- The Washington Times - Tuesday, December 25, 2001

ASSOCIATED PRESS
The hour was late, the issue radioactive. Under cover of darkness, members of Congress let their third pay increase in four years go through. Come January, their pay will jump $4,900 a year to $150,000.
Defenders say the raise is well deserved too small, if anything. Critics call it excessive, not to mention ill-timed during recession and war. But on one thing, many on both sides agree: The way the raise came about stinks.
Under a complex system approved in 1989, many congressional pay raises are automatic unless Congress acts to block them a debate that often plays out in the dead of night.
"It looks bad. It smells bad. It hurts Congress in the eyes of the public," said Paul Light, a Brookings Institution expert on government who nonetheless thinks legislators are underpaid. "They are terrified of pay increases. They always have been."

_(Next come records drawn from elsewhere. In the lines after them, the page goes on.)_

(* Let $\Gamma,\Delta$ be finite multisets of formulas and $\Sigma$ a finite multiset of outmost-boxed formulas. For every propositional variable $p$ and every agent symbol $a$ there exists a formula $A$ such that: (i) $\mathsf{V}(A)\subseteq\mathsf{V}(\Sigma\cup\Gamma\cup\Delta)\setminus\{p\}$ and $\mathsf{Agt}(A)\subseteq\mathsf{Agt}(\Sigma\cup\Gamma\cup\Delta)\setminus\{a\}$; (ii) $\mathsf{G}(\mathbf{KT}^+_D)\vdash\Sigma\mid\Gamma,A\Rightarrow\Delta$; (iii) for all finite multisets $\Pi,\Lambda$ of formulas and every finite multiset $\Theta$ of outmost-boxed formulas with $p\notin\mathsf{V}(\Pi\cup\Lambda\cup\Theta)$ and $a\notin\mathsf{Agt}(\Pi\cup\Lambda\cup\Theta)$: if $\mathsf{G}(\mathbf{KT}^+_D)\vdash\Theta,\Sigma\mid\Pi,\Gamma\Rightarrow\Delta,\Lambda$, then $\mathsf{G}(\mathbf{KT}^+_D)\vdash\emptyset\mid\Theta,\Pi\Rightarrow A,\Lambda$.
   Context: Language: fix a finite nonempty set $\mathsf{Agt}$ of agent symbols and a countable set $\mathsf{Prop}$ of propositional variables; $\mathsf{Grp}$ is the set of nonempty subsets of $\mathsf{Agt}$. Formulas: $\alpha::=p\mid\bot\mid\alpha\wedge\alpha\mid\alpha\vee\alpha\mid\alpha\rightarrow\alpha\mid\neg\alpha\mid D_G\alpha$ with $p\in\mathsf{Prop}$, $G\in\mathsf{Grp}$. $\mathsf{V}(\cdot)$ is the set of propositional variables occurring, $\mathsf{Agt}(\cdot)$ the set of agent symbols occurring (the union of all $G$ with $D_G$ occurring); for multisets these are unions. An outmost-boxed formula is one of the form $D_G\gamma$. Calculus $\mathsf{G}(\mathbf{KT}^+_D)$: a T-sequent $\Sigma\mid\Gamma\Rightarrow\Delta$ consists of finite multisets $\Gamma,\Delta$ of formulas and a finite multiset $\Sigma$ of outmost-boxed formulas; $\vdash S$ means $S$ is the root of a finite tree built from initial sequents by the rules. Initial sequents: $\Sigma\mid\Gamma,p\Rightarrow p,\Delta$ ($p\in\mathsf{Prop}$) and $\Sigma\mid\bot,\Gamma\Rightarrow\Delta$. Propositional rules (with $\Sigma$ unchanged): $(R\wedge)$ from $\Sigma\mid\Gamma\Rightarrow\Delta,\alpha_1$ and $\Sigma\mid\Gamma\Rightarrow\Delta,\alpha_2$ infer $\Sigma\mid\Gamma\Rightarrow\Delta,\alpha_1\wedge\alpha_2$; $(L\wedge)$ from $\Sigma\mid\alpha_1,\alpha_2,\Gamma\Rightarrow\Delta$ infer $\Sigma\mid\alpha_1\wedge\alpha_2,\Gamma\Rightarrow\Delta$; $(R\vee)$ from $\Sigma\mid\Gamma\Rightarrow\Delta,\alpha_1,\alpha_2$ infer $\Sigma\mid\Gamma\Rightarrow\Delta,\alpha_1\vee\alpha_2$; $(L\vee)$ from $\Sigma\mid\alpha_1,\Gamma\Rightarrow\Delta$ and $\Sigma\mid\alpha_2,\Gamma\Rightarrow\Delta$ infer $\Sigma\mid\alpha_1\vee\alpha_2,\Gamma\Rightarrow\Delta$; $(R\rightarrow)$ from $\Sigma\mid\alpha_1,\Gamma\Rightarrow\Delta,\alpha_2$ infer $\Sigma\mid\Gamma\Rightarrow\Delta,\alpha_1\rightarrow\alpha_2$; $(L\rightarrow)$ from $\Sigma\mid\Gamma\Rightarrow\Delta,\alpha_1$ and $\Sigma\mid\alpha_2,\Gamma\Rightarrow\Delta$ infer $\Sigma\mid\alpha_1\rightarrow\alpha_2,\Gamma\Rightarrow\Delta$; $(R\neg)$ from $\Sigma\mid\alpha,\Gamma\Rightarrow\Delta$ infer $\Sigma\mid\Gamma\Rightarrow\Delta,\neg\alpha$; $(L\neg)$ from $\Sigma\mid\Gamma\Rightarrow\Delta,\alpha$ infer $\Sigma\mid\neg\alpha,\Gamma\Rightarrow\Delta$. Modal rules: $(D_K^+)$: from $\emptyset\mid\alpha_1,\dots,\alpha_n\Rightarrow\beta$ ($n\ge0$) infer $\Sigma,D_{G_1}\alpha_1,\dots,D_{G_n}\alpha_n\mid\Pi\Rightarrow D_G\beta,\Omega$, provided $G_i\subseteq G$ for all $i$, $\Sigma$ consists only of formulas $D_H\gamma$ with $H\not\subseteq G$, $\Pi$ consists only of propositional variables and $\bot$, and $\Omega$ only of propositional variables, $\bot$ and outmost-boxed formulas; $(D_T^+)$: from $D_G\alpha,\Sigma\mid\Gamma,\alpha\Rightarrow\Delta$ infer $\Sigma\mid\Gamma,D_G\alpha\Rightarrow\Delta$. *)

theory Defs
  imports Main "HOL-Library.Multiset"
begin

datatype 'a fm =
    Var nat
  | Bot
  | And "'a fm" "'a fm"
  | Or "'a fm" "'a fm"
  | Imp "'a fm" "'a fm"
  | Neg "'a fm"
  | D "'a set" "'a fm"

fun wf :: "'a fm \<Rightarrow> bool" where
  "wf (Var p) = True"
| "wf Bot = True"
| "wf (And x y) = (wf x \<and> wf y)"
| "wf (Or x y) = (wf x \<and> wf y)"
| "wf (Imp x y) = (wf x \<and> wf y)"
| "wf (Neg x) = wf x"
| "wf (D G x) = (G \<noteq> {} \<and> wf x)"

fun vars :: "'a fm \<Rightarrow> nat set" where
  "vars (Var p) = {p}"
| "vars Bot = {}"
| "vars (And x y) = vars x \<union> vars y"
| "vars (Or x y) = vars x \<union> vars y"
| "vars (Imp x y) = vars x \<union> vars y"
| "vars (Neg x) = vars x"
| "vars (D G x) = vars x"

fun agts :: "'a fm \<Rightarrow> 'a set" where
  "agts (Var p) = {}"
| "agts Bot = {}"
| "agts (And x y) = agts x \<union> agts y"
| "agts (Or x y) = agts x \<union> agts y"
| "agts (Imp x y) = agts x \<union> agts y"
| "agts (Neg x) = agts x"
| "agts (D G x) = G \<union> agts x"

definition vars_ms :: "'a fm multiset \<Rightarrow> nat set" where
  "vars_ms M = (\<Union>x\<in>set_mset M. vars x)"

definition agts_ms :: "'a fm multiset \<Rightarrow> 'a set" where
  "agts_ms M = (\<Union>x\<in>set_mset M. agts x)"

definition wf_ms :: "'a fm multiset \<Rightarrow> bool" where
  "wf_ms M = (\<forall>x\<in>#M. wf x)"

fun boxed :: "'a fm \<Rightarrow> bool" where
  "boxed (D G x) = True"
| "boxed _ = False"

definition boxed_ms :: "'a fm multiset \<Rightarrow> bool" where
  "boxed_ms M = (\<forall>x\<in>#M. boxed x)"

fun atom_or_bot :: "'a fm \<Rightarrow> bool" where
  "atom_or_bot (Var p) = True"
| "atom_or_bot Bot = True"
| "atom_or_bot _ = False"

text \<open>Derivability in G(KT+_D): deriv S G Dl means  S | G \<Rightarrow> Dl.
The boxed-ness of the Sigma component (T-sequent condition) is imposed at the
leaves; all rules preserve it.\<close>
inductive deriv :: "'a fm multiset \<Rightarrow> 'a fm multiset \<Rightarrow> 'a fm multiset \<Rightarrow> bool" where
  Ax: "boxed_ms S \<Longrightarrow> deriv S (add_mset (Var p) G) (add_mset (Var p) Dl)"
| BotL: "boxed_ms S \<Longrightarrow> deriv S (add_mset Bot G) Dl"
| AndR: "deriv S G (add_mset a1 Dl) \<Longrightarrow> deriv S G (add_mset a2 Dl)
         \<Longrightarrow> deriv S G (add_mset (And a1 a2) Dl)"
| AndL: "deriv S (add_mset a1 (add_mset a2 G)) Dl \<Longrightarrow> deriv S (add_mset (And a1 a2) G) Dl"
| OrR: "deriv S G (add_mset a1 (add_mset a2 Dl)) \<Longrightarrow> deriv S G (add_mset (Or a1 a2) Dl)"
| OrL: "deriv S (add_mset a1 G) Dl \<Longrightarrow> deriv S (add_mset a2 G) Dl
         \<Longrightarrow> deriv S (add_mset (Or a1 a2) G) Dl"
| ImpR: "deriv S (add_mset a1 G) (add_mset a2 Dl) \<Longrightarrow> deriv S G (add_mset (Imp a1 a2) Dl)"
| ImpL: "deriv S G (add_mset a1 Dl) \<Longrightarrow> deriv S (add_mset a2 G) Dl
         \<Longrightarrow> deriv S (add_mset (Imp a1 a2) G) Dl"
| NegR: "deriv S (add_mset a G) Dl \<Longrightarrow> deriv S G (add_mset (Neg a) Dl)"
| NegL: "deriv S G (add_mset a Dl) \<Longrightarrow> deriv S (add_mset (Neg a) G) Dl"
| DK: "deriv {#} (mset (map snd L)) {#b#}
       \<Longrightarrow> (\<forall>(Gi, ai)\<in>set L. Gi \<subseteq> Grp)
       \<Longrightarrow> (\<forall>x\<in>#S. \<exists>H c. x = D H c \<and> \<not> H \<subseteq> Grp)
       \<Longrightarrow> (\<forall>x\<in>#P. atom_or_bot x)
       \<Longrightarrow> (\<forall>x\<in>#Om. atom_or_bot x \<or> boxed x)
       \<Longrightarrow> deriv (S + mset (map (\<lambda>(Gi, ai). D Gi ai) L)) P (add_mset (D Grp b) Om)"
| DT: "deriv (add_mset (D Grp a) S) (add_mset a G) Dl \<Longrightarrow> deriv S (add_mset (D Grp a) G) Dl"

end

theory Submission
  imports Defs
begin

text \<open>
  Interpolants are built by induction on the weight of \<open>\<Sigma> | \<Gamma> \<Rightarrow> \<Delta>\<close>, reading the rules
  backwards. The propositional rules and \<open>D\<^sub>T\<^sup>+\<close> are invertible, so a sequent with a compound
  formula in \<open>\<Gamma>\<close>, or a compound unboxed one in \<open>\<Delta>\<close>, inherits the interpolant of its premise
  (the conjunction of both interpolants for a branching rule); a derivable sequent gets \<open>\<not>\<bottom>\<close>.
  Write \<open>\<Sigma>\<^sup>H\<close> for the bodies \<open>\<gamma>\<close> of the boxes \<open>D\<^sub>G \<gamma> \<in> \<Sigma>\<close> with \<open>G \<subseteq> H\<close>. An irreducible,
  underivable sequent gets the disjunction of the atoms \<open>q \<noteq> p\<close> of \<open>\<Delta>\<close>, the negations \<open>\<not>q\<close>
  of the atoms \<open>q \<noteq> p\<close> of \<open>\<Gamma>\<close>, the boxes \<open>D\<^bsub>H - {a}\<^esub> B\<close> for \<open>D\<^sub>H \<beta> \<in> \<Delta>\<close> with \<open>B\<close> an
  interpolant of \<open>\<Sigma>\<^sup>H \<Rightarrow> \<beta>\<close>, and the formulas \<open>\<not> D\<^sub>H\<^sub>' \<not>C\<close> for groups \<open>H\<close> with
  \<open>a \<notin> H\<close>, where \<open>C\<close> interpolates \<open>\<Sigma>\<^sup>H \<Rightarrow>\<close> and \<open>H'\<close> is the union of the groups of the
  boxes contributing to \<open>\<Sigma>\<^sup>H\<close>. For clause (iii), decompose \<open>\<Pi>\<close> and \<open>\<Lambda>\<close> by invertibility
  and look at the last rule of the derivation of \<open>\<Theta>, \<Sigma> | \<Pi>, \<Gamma> \<Rightarrow> \<Delta>, \<Lambda>\<close>: an axiom
  across the two sides yields a literal disjunct, and a \<open>D\<^sub>K\<^sup>+\<close> step yields a box disjunct if its
  principal box lies in \<open>\<Delta>\<close> and a diamond disjunct if it lies in \<open>\<Lambda>\<close>.
\<close>

lemma vars_ms_simps [simp]:
  "vars_ms {#} = {}" "vars_ms (add_mset x M) = vars x \<union> vars_ms M"
  "vars_ms (M + N) = vars_ms M \<union> vars_ms N"
  by (auto simp: vars_ms_def)

lemma agts_ms_simps [simp]:
  "agts_ms {#} = {}" "agts_ms (add_mset x M) = agts x \<union> agts_ms M"
  "agts_ms (M + N) = agts_ms M \<union> agts_ms N"
  by (auto simp: agts_ms_def)

lemma wf_ms_simps [simp]:
  "wf_ms {#}" "wf_ms (add_mset x M) \<longleftrightarrow> wf x \<and> wf_ms M"
  "wf_ms (M + N) \<longleftrightarrow> wf_ms M \<and> wf_ms N"
  by (auto simp: wf_ms_def)

lemma boxed_ms_simps [simp]:
  "boxed_ms {#}" "boxed_ms (add_mset x M) \<longleftrightarrow> boxed x \<and> boxed_ms M"
  "boxed_ms (M + N) \<longleftrightarrow> boxed_ms M \<and> boxed_ms N"
  by (auto simp: boxed_ms_def)

lemma deriv_boxed_ms: "deriv S G Dl \<Longrightarrow> boxed_ms S"
  by (induction rule: deriv.induct) (auto simp: boxed_ms_def)

lemma deriv_Ax_mem: "Var q \<in># G \<Longrightarrow> Var q \<in># Dl \<Longrightarrow> boxed_ms S \<Longrightarrow> deriv S G Dl"
  by (metis deriv.Ax insert_DiffM)

lemma deriv_BotL_mem: "Bot \<in># G \<Longrightarrow> boxed_ms S \<Longrightarrow> deriv S G Dl"
  by (metis deriv.BotL insert_DiffM)

definition avoids :: "nat \<Rightarrow> 'a \<Rightarrow> 'a fm multiset \<Rightarrow> bool" where
  "avoids p a M \<longleftrightarrow> wf_ms M \<and> p \<notin> vars_ms M \<and> a \<notin> agts_ms M"

lemma avoids_simps [simp]:
  "avoids p a {#}"
  "avoids p a (add_mset x M) \<longleftrightarrow> wf x \<and> p \<notin> vars x \<and> a \<notin> agts x \<and> avoids p a M"
  "avoids p a (M + N) \<longleftrightarrow> avoids p a M \<and> avoids p a N"
  by (auto simp: avoids_def)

Not scared enough to suit Gary Ruskin, director of the nonprofit Congressional Accountability Project, one of a number of watchdog groups that opposes the raise.
He points to the steady upward march of congressional pay in recent years, from $98,400 in 1990 to $150,000 come January.
As for the coming raise, he says: "This is an effort by some of the most greedy people on the planet to stuff more taxpayers' money into their own wallets. The bipartisan greed caucus is alive and well."
Although statistics are hard to come by, pay-raise defenders say that legislators are paid considerably less than those who do equivalent work for private companies, yet lawmakers have many extra expenses, such as maintaining homes in both Washington and their districts.
They also say that since congressional pay rates affect the salaries for federal judges and other senior government officials, pay for others in government also is being kept too low.
Mr. Light called the system "the worst of all possible worlds." The whole idea behind tying congressional pay to that of others in government was to give legislators some political cover to raise their own salaries, he said.
But in reality, "Congress still shies from needed pay increases, and these other positions are lagging," Mr. Light said.
Critics insist it's wrong to compare legislators' pay with their counterparts in business.
"The purpose of the private sector is to earn money for shareholders," said Mr. Ruskin. "The purpose of the public sector is to do the public's will."
Furthermore, critics point to congressional perquisites, such as a generous pension plan, that create a "princely" compensation package. And they argue that now is the time to forgo a raise to show solidarity with struggling Americans.
The National Taxpayers Union sent members of Congress a letter after the September 11 terrorist attacks urging them to give up the raise, noting that Congress cut its own pay twice during the Depression and suspended its two-month-old pension plan and froze its pay during World War II.
This time, Pete Sepp, a spokesman for the union, says: "Apparently, they're having trouble paying the rent and buying groceries on $145,000 a year."
Sen. Russell D. Feingold, Wisconsin Democrat, pushed for a vote Dec. 7 to block the pay raise from taking effect.
But in a late-night maneuver, legislators used a 65-33 vote on a procedural matter to thwart Mr. Feingold's effort.
Mr. Feingold, who will turn down the raise and holds his own salary to the $136,700 he earned when first elected, says legislators are neither overpaid nor underpaid.
"I just think the process of an automatic pay raise system is wrong," he said. "If we deserve a pay raise, we should have to vote on it." Mr. Feingold, who has been mentioned in some lists of possible Democratic presidential hopefuls, also stood to get some publicity for his effort, which he knew in advance was a lost cause.
In trying to block the raise, he said, "I probably caught more flak on this than on anything else. People don't like people upsetting the apple cart on this one."